• Problem statement
Everything in the listing below from the line containing "(* a circuit" through the line containing "set) \<Rightarrow> 'e set \<Rightarrow> 'e" must be repeated exactly; the remaining lines are not wanted.

• Material supplied
^^^^^^^^

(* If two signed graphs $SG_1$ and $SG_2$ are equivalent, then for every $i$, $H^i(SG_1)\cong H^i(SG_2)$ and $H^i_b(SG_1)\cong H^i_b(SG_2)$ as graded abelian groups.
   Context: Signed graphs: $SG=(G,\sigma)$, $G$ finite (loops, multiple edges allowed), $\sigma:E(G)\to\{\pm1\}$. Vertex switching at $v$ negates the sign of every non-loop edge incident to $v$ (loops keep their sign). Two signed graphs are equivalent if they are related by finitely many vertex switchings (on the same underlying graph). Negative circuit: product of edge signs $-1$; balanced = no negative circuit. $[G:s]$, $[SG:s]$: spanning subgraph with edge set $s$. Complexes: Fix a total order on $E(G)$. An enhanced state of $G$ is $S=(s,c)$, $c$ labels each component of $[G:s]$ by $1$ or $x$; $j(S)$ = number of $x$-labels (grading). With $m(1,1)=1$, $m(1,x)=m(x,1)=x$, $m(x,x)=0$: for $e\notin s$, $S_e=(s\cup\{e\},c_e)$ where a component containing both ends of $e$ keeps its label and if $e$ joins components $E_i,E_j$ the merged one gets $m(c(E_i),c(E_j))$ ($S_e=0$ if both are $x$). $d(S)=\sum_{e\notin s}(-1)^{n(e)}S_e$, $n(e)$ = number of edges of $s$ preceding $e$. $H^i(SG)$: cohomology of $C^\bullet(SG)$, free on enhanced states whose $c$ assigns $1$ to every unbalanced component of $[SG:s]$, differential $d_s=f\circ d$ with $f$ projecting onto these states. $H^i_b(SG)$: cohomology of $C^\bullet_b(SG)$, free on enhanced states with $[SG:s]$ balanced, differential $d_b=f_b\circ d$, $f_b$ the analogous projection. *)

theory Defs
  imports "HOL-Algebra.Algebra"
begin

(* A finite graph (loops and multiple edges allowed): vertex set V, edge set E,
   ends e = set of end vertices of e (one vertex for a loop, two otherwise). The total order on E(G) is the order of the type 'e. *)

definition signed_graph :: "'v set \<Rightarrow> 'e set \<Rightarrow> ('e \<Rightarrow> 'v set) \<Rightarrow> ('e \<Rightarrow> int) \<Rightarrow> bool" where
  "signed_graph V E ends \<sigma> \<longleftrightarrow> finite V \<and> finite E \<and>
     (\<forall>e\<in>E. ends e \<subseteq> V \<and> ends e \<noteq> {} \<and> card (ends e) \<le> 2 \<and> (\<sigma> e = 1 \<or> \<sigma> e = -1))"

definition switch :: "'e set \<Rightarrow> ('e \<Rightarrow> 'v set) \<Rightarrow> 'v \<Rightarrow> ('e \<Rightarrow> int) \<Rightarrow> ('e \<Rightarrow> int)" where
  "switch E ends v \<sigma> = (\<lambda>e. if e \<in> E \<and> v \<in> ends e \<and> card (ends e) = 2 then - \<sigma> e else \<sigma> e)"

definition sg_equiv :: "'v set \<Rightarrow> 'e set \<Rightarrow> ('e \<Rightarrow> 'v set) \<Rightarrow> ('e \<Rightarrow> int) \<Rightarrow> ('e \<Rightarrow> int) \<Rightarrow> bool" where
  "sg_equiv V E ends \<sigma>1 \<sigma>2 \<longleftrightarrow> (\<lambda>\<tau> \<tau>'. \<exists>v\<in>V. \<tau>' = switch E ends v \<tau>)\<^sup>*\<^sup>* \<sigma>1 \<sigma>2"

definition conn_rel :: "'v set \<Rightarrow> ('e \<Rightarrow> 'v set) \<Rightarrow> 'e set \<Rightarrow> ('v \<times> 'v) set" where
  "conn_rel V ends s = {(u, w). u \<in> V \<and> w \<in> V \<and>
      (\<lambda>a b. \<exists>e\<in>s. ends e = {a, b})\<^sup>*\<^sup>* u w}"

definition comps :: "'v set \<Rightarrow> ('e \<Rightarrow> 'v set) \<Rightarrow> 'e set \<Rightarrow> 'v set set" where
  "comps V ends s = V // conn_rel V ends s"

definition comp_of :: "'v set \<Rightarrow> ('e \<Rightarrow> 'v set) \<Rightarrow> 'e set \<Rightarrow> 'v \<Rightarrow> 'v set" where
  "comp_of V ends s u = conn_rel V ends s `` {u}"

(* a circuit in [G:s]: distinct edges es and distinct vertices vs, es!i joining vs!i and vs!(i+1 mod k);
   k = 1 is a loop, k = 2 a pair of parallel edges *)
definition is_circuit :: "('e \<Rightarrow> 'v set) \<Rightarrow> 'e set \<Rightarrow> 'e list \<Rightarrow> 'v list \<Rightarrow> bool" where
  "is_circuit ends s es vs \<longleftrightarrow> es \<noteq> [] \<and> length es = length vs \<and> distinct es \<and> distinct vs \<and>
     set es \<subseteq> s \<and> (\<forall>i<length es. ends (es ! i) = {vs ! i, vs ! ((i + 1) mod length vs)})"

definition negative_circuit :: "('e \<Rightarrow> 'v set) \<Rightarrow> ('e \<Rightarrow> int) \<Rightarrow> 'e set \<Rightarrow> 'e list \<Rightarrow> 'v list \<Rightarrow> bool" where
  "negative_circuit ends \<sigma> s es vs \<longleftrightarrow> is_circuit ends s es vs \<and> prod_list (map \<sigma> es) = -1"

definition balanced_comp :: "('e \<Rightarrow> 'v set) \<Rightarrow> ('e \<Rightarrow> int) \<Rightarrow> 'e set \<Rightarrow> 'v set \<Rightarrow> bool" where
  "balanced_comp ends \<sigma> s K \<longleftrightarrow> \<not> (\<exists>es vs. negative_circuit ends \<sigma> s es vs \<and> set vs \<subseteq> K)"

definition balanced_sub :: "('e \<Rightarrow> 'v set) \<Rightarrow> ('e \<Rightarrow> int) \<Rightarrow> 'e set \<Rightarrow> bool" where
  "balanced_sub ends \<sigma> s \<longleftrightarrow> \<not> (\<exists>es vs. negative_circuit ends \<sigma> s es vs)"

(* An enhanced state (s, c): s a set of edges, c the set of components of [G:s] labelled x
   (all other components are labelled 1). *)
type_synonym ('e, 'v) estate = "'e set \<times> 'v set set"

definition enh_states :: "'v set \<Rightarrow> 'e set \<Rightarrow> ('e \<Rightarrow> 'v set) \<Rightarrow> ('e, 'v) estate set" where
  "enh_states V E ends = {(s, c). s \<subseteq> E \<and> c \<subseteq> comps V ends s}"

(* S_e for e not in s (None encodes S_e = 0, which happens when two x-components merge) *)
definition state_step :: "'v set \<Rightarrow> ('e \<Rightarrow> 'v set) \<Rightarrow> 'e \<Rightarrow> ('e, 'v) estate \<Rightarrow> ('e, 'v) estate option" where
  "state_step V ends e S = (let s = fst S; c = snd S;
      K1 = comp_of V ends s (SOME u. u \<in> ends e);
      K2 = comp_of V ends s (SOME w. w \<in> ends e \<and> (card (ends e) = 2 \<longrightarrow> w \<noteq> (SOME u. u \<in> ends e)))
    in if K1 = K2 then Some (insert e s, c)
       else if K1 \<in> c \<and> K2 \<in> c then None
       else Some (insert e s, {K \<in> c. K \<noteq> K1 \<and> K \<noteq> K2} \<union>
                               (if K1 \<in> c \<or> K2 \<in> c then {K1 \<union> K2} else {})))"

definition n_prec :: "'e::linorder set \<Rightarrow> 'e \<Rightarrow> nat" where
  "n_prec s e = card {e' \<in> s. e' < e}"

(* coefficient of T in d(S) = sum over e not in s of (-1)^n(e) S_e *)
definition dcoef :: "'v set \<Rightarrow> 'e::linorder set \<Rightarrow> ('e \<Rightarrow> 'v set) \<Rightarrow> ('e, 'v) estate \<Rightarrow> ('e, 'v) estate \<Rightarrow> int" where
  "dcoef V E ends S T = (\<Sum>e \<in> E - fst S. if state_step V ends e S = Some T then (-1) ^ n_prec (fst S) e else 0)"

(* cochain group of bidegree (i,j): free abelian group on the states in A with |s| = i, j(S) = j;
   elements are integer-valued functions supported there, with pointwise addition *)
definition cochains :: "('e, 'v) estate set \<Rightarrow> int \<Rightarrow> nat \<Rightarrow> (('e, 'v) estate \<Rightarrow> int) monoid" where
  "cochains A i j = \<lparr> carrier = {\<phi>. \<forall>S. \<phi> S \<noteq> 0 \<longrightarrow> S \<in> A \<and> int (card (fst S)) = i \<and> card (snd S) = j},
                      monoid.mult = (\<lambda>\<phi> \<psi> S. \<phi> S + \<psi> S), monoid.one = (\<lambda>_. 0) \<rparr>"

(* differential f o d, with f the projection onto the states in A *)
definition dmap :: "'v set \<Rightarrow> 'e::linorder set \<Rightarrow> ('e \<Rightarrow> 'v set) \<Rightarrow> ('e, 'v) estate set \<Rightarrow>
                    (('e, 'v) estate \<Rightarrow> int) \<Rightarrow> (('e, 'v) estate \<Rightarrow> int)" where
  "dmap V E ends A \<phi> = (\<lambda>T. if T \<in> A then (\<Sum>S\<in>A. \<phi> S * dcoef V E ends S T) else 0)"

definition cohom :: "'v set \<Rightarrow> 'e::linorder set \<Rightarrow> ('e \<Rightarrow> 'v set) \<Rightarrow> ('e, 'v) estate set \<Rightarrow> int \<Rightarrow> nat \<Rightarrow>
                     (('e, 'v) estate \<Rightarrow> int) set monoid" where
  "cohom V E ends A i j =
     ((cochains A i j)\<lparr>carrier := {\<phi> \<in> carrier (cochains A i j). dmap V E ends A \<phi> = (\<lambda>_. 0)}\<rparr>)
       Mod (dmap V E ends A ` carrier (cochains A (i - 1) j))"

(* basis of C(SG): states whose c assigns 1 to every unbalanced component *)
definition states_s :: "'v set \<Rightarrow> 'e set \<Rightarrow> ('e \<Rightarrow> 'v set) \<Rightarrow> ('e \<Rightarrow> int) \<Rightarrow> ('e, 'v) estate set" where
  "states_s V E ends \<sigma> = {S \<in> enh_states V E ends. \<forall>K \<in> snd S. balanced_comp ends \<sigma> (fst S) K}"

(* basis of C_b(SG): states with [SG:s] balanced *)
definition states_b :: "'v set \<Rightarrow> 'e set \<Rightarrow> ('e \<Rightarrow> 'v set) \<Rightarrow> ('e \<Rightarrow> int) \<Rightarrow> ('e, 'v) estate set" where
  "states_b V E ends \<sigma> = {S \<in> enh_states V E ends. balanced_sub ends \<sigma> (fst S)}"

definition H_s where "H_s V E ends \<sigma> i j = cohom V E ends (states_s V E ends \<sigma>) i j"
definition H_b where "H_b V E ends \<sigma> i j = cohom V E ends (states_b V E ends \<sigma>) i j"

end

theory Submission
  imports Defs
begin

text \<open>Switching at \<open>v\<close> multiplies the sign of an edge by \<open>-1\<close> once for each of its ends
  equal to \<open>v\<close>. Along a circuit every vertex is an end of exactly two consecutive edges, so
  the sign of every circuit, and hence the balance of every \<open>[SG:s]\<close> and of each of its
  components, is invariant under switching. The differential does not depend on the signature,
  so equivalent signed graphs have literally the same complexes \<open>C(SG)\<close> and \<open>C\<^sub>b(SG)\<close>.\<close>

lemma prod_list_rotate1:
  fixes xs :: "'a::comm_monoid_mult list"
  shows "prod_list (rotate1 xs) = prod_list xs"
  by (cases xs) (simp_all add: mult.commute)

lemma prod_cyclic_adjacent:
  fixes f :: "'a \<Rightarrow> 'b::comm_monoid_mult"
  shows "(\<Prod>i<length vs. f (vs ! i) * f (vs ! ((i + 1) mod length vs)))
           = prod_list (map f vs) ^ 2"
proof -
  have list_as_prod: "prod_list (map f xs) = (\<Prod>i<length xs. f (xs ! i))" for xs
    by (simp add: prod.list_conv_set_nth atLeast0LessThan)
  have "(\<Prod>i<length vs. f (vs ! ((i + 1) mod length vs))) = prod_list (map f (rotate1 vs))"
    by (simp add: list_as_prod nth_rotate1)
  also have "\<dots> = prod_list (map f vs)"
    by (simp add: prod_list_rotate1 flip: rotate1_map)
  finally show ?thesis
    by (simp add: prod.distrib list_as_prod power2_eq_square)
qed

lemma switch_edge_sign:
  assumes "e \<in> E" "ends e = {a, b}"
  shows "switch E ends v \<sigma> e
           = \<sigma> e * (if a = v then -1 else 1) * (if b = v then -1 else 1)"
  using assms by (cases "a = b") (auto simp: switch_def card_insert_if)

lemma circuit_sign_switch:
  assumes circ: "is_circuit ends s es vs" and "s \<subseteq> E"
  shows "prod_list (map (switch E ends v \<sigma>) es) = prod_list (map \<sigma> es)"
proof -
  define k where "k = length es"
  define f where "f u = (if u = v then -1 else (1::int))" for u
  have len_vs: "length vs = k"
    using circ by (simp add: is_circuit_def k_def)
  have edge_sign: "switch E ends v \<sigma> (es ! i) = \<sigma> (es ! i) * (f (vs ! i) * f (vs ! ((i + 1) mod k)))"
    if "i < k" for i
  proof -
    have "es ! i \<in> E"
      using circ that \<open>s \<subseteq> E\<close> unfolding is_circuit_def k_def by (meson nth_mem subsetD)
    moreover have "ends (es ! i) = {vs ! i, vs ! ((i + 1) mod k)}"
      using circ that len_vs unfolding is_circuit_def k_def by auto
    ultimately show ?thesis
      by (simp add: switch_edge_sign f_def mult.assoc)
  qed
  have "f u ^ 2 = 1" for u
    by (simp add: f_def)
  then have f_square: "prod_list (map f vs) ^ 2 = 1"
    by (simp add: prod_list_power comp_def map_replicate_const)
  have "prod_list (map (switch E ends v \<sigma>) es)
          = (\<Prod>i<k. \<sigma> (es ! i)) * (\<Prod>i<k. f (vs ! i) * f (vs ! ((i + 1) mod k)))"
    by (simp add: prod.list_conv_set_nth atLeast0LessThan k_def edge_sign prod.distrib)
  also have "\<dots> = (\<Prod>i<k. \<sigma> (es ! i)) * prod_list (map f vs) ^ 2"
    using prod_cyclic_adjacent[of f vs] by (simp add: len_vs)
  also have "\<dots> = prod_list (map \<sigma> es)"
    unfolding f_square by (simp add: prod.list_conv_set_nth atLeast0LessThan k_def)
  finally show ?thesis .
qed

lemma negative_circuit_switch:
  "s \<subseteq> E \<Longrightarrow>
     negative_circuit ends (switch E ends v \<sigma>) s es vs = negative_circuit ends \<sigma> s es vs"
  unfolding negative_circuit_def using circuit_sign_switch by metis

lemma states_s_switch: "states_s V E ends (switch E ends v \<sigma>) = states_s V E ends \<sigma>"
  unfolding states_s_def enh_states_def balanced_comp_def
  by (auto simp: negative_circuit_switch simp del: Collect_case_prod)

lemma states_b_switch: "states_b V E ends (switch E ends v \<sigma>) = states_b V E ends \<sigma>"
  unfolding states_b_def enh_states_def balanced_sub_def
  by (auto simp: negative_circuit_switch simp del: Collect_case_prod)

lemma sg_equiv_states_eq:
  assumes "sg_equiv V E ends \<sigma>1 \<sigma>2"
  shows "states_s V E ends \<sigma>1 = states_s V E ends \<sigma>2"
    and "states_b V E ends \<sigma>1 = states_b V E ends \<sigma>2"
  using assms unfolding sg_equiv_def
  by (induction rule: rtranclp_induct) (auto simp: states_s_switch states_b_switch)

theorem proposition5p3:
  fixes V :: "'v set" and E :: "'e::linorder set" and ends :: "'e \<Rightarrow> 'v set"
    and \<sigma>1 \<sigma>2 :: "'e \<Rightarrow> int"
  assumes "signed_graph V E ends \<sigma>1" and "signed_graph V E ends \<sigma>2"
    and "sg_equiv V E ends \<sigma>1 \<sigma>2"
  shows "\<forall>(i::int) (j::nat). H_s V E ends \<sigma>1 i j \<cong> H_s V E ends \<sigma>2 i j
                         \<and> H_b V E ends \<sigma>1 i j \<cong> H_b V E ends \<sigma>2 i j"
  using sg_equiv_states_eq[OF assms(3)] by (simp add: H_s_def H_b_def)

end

^^^^^^^^

• Task result
(* a circuit in [G:s]: distinct edges es and distinct vertices vs, es!i joining vs!i and vs!(i+1 mod k);
   k = 1 is a loop, k = 2 a pair of parallel edges *)
definition is_circuit :: "('e \<Rightarrow> 'v set) \<Rightarrow> 'e set \<Rightarrow> 'e list \<Rightarrow> 'v list \<Rightarrow> bool" where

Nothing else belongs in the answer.